Look for the word "where" in the data below, and copy every line that holds it.
** RECORDS SUPPLIED follows **
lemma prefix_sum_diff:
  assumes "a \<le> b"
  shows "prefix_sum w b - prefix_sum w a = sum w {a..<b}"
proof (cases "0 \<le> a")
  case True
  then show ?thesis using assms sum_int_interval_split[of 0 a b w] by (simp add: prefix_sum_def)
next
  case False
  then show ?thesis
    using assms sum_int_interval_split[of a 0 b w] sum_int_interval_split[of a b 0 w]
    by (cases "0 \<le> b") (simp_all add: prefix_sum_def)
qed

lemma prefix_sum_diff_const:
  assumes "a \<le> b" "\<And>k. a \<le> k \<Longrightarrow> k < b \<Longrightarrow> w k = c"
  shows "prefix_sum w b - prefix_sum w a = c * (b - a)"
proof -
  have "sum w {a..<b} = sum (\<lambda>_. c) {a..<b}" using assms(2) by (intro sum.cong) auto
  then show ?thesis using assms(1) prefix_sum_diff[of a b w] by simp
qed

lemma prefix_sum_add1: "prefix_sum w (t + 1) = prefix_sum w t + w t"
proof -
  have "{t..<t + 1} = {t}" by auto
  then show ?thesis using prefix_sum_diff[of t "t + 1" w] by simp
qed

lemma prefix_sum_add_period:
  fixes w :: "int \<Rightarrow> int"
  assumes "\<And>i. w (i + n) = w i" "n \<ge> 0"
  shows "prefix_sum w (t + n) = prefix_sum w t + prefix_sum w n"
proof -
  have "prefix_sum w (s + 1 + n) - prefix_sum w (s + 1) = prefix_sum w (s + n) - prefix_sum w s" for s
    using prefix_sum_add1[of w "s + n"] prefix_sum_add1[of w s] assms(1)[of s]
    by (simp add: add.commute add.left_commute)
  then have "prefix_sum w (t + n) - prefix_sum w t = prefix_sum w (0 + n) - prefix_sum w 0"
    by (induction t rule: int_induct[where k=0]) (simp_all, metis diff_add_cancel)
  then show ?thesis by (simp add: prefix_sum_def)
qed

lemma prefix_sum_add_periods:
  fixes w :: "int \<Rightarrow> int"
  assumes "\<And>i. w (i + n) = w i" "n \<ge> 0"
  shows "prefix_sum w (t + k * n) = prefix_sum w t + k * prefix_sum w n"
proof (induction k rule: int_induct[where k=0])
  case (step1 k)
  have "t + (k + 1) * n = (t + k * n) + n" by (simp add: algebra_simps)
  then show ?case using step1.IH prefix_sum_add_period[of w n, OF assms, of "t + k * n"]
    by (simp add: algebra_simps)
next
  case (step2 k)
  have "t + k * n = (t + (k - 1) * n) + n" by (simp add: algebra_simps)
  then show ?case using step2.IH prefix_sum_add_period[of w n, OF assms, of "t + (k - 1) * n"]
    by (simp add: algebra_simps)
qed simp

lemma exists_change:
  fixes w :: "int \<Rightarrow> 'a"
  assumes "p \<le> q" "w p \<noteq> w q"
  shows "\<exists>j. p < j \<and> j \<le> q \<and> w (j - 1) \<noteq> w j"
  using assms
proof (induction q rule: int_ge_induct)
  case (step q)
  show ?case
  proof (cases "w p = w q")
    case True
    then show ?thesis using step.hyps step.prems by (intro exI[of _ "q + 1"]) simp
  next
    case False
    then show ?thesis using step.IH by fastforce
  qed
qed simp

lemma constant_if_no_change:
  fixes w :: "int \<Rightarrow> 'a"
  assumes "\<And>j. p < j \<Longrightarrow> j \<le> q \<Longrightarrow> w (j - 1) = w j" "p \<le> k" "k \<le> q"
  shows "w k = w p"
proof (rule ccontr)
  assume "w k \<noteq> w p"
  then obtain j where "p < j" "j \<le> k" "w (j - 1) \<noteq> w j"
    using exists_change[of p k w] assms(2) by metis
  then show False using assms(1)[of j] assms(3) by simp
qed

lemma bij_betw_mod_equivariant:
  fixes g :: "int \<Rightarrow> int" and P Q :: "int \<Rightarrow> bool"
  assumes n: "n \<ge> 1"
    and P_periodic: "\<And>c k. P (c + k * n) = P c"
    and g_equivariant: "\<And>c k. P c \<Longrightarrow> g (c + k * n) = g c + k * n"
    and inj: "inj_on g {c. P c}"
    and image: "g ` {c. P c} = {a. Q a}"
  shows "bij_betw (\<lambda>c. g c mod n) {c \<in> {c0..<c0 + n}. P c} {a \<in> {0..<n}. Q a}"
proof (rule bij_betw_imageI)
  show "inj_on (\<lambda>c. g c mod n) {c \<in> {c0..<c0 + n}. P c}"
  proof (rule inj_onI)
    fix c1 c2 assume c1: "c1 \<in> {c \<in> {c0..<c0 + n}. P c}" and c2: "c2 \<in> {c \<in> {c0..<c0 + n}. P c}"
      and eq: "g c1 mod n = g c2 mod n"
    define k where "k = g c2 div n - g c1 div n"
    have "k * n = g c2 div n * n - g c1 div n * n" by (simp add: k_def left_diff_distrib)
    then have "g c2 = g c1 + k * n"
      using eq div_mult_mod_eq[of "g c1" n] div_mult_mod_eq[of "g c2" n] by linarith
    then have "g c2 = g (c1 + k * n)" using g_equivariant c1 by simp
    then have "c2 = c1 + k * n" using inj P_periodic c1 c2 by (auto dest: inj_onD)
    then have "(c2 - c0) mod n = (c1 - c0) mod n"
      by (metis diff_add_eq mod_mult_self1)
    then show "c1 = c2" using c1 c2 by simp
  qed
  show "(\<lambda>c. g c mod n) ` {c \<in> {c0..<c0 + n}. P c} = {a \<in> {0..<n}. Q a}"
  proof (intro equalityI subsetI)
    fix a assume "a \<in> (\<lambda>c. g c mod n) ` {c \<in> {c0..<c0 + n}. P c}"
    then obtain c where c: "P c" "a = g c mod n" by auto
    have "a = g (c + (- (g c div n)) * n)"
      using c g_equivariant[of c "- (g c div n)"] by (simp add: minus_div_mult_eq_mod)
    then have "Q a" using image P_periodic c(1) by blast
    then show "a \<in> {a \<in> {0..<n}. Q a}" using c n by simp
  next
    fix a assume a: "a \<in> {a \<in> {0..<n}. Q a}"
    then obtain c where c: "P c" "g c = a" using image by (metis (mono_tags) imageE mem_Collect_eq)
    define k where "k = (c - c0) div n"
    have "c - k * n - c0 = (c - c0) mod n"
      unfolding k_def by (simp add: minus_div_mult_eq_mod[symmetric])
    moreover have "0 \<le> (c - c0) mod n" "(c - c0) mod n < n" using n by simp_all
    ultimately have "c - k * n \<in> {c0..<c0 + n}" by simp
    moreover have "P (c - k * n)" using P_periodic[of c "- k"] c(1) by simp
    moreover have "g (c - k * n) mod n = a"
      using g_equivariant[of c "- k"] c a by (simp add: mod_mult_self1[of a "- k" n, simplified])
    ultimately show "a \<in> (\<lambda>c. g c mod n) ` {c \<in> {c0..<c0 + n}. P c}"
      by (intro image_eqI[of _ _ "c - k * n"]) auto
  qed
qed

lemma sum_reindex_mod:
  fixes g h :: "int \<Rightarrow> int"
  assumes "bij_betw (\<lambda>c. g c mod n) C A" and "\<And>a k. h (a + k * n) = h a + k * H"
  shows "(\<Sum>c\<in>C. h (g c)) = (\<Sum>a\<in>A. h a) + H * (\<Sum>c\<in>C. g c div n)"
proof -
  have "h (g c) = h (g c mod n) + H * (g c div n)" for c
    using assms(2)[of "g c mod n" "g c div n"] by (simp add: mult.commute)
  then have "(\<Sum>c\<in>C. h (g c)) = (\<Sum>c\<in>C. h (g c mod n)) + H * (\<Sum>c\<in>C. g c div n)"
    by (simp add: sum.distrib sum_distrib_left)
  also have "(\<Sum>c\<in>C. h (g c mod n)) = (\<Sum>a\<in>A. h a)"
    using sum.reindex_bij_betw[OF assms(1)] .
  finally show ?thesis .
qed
** End of RECORDS SUPPLIED **
** RECORDS SUPPLIED follows **
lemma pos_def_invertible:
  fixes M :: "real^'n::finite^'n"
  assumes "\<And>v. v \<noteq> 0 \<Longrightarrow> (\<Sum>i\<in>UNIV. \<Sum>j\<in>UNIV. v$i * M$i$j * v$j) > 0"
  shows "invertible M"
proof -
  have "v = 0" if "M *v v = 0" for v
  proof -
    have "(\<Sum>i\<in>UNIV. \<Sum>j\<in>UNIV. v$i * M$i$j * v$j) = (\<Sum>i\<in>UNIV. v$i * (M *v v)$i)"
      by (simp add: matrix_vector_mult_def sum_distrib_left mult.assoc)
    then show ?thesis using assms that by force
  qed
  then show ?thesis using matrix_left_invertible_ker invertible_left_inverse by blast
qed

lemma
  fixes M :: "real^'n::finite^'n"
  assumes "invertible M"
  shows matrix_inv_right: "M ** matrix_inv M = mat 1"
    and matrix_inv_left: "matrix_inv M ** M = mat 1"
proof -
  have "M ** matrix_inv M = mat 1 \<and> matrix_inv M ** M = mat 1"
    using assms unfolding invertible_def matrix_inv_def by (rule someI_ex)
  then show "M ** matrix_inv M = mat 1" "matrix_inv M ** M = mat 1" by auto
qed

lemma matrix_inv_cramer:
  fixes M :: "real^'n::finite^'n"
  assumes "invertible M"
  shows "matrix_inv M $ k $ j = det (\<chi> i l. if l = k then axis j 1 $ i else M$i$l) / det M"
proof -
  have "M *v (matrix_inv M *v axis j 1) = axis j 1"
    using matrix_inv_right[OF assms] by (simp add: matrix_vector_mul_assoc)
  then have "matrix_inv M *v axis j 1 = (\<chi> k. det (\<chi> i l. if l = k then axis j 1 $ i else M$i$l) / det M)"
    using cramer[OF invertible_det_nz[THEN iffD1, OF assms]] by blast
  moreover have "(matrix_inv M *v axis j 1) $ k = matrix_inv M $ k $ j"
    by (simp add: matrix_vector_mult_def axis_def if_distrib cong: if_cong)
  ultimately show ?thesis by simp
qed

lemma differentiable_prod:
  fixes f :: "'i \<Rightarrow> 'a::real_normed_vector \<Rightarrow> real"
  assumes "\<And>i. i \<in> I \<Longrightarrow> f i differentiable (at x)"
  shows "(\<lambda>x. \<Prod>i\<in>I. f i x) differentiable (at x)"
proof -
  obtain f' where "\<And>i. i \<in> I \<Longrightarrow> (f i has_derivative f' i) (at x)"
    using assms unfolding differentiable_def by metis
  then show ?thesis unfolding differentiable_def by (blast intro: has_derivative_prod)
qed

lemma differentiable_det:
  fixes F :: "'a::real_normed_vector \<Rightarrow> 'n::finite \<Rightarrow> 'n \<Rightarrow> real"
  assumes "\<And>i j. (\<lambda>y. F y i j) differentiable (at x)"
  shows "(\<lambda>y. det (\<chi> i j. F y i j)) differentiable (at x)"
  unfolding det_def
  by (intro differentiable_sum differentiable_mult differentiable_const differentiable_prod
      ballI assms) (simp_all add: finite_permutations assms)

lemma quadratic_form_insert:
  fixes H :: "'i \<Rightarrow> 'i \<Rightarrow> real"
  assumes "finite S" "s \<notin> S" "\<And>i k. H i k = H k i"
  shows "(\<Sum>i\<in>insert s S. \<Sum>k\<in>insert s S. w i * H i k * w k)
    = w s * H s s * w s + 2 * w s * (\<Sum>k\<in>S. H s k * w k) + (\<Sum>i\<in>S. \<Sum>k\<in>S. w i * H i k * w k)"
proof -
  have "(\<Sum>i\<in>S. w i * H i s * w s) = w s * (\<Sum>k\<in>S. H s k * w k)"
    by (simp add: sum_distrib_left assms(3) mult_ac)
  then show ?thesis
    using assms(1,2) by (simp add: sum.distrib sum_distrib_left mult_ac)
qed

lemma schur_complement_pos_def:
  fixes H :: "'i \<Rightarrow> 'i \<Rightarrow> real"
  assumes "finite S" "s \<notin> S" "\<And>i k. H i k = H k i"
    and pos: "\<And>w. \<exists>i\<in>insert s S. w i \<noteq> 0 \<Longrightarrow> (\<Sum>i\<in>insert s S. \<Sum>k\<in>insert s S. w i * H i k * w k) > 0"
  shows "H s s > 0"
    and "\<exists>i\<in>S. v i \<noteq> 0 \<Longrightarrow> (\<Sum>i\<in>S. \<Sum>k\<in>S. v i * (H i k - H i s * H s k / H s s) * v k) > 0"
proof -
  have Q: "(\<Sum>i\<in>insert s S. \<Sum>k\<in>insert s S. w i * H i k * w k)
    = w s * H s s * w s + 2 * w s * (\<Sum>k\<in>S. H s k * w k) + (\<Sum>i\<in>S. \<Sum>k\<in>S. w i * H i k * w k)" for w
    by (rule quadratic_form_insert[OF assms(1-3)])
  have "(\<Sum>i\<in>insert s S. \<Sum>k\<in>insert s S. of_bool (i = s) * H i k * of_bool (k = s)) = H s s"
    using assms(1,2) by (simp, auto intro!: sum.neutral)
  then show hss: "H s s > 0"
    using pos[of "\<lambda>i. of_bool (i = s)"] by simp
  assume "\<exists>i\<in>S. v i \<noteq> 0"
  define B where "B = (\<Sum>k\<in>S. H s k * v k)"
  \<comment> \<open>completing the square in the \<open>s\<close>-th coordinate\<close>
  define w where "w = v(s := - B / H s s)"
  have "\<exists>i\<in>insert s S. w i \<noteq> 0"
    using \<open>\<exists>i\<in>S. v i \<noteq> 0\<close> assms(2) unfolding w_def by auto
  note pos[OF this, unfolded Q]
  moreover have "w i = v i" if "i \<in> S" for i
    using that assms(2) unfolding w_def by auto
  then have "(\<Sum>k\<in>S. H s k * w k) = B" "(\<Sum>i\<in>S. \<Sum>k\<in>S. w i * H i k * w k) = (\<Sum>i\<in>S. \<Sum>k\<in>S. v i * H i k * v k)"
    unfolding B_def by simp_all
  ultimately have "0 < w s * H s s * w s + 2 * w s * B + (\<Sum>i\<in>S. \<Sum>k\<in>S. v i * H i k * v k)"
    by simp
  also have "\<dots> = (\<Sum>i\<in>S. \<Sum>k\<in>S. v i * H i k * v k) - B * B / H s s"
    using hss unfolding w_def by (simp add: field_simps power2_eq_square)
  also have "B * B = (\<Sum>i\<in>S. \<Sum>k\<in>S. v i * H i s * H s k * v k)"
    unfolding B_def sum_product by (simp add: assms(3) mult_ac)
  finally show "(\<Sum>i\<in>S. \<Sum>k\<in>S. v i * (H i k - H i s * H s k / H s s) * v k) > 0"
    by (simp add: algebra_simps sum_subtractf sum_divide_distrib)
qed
** End of RECORDS SUPPLIED **
> [EXERCISE SOLUTION]:
    by (induction t rule: int_induct[where k=0]) (simp_all, metis diff_add_cancel)
proof (induction k rule: int_induct[where k=0])
  then obtain j where "p < j" "j \<le> k" "w (j - 1) \<noteq> w j"
    define k where "k = g c2 div n - g c1 div n"
    then obtain c where c: "P c" "a = g c mod n" by auto
    then obtain c where c: "P c" "g c = a" using image by (metis (mono_tags) imageE mem_Collect_eq)
    define k where "k = (c - c0) div n"
  obtain f' where "\<And>i. i \<in> I \<Longrightarrow> (f i has_derivative f' i) (at x)"
  define B where "B = (\<Sum>k\<in>S. H s k * v k)"
  define w where "w = v(s := - B / H s s)"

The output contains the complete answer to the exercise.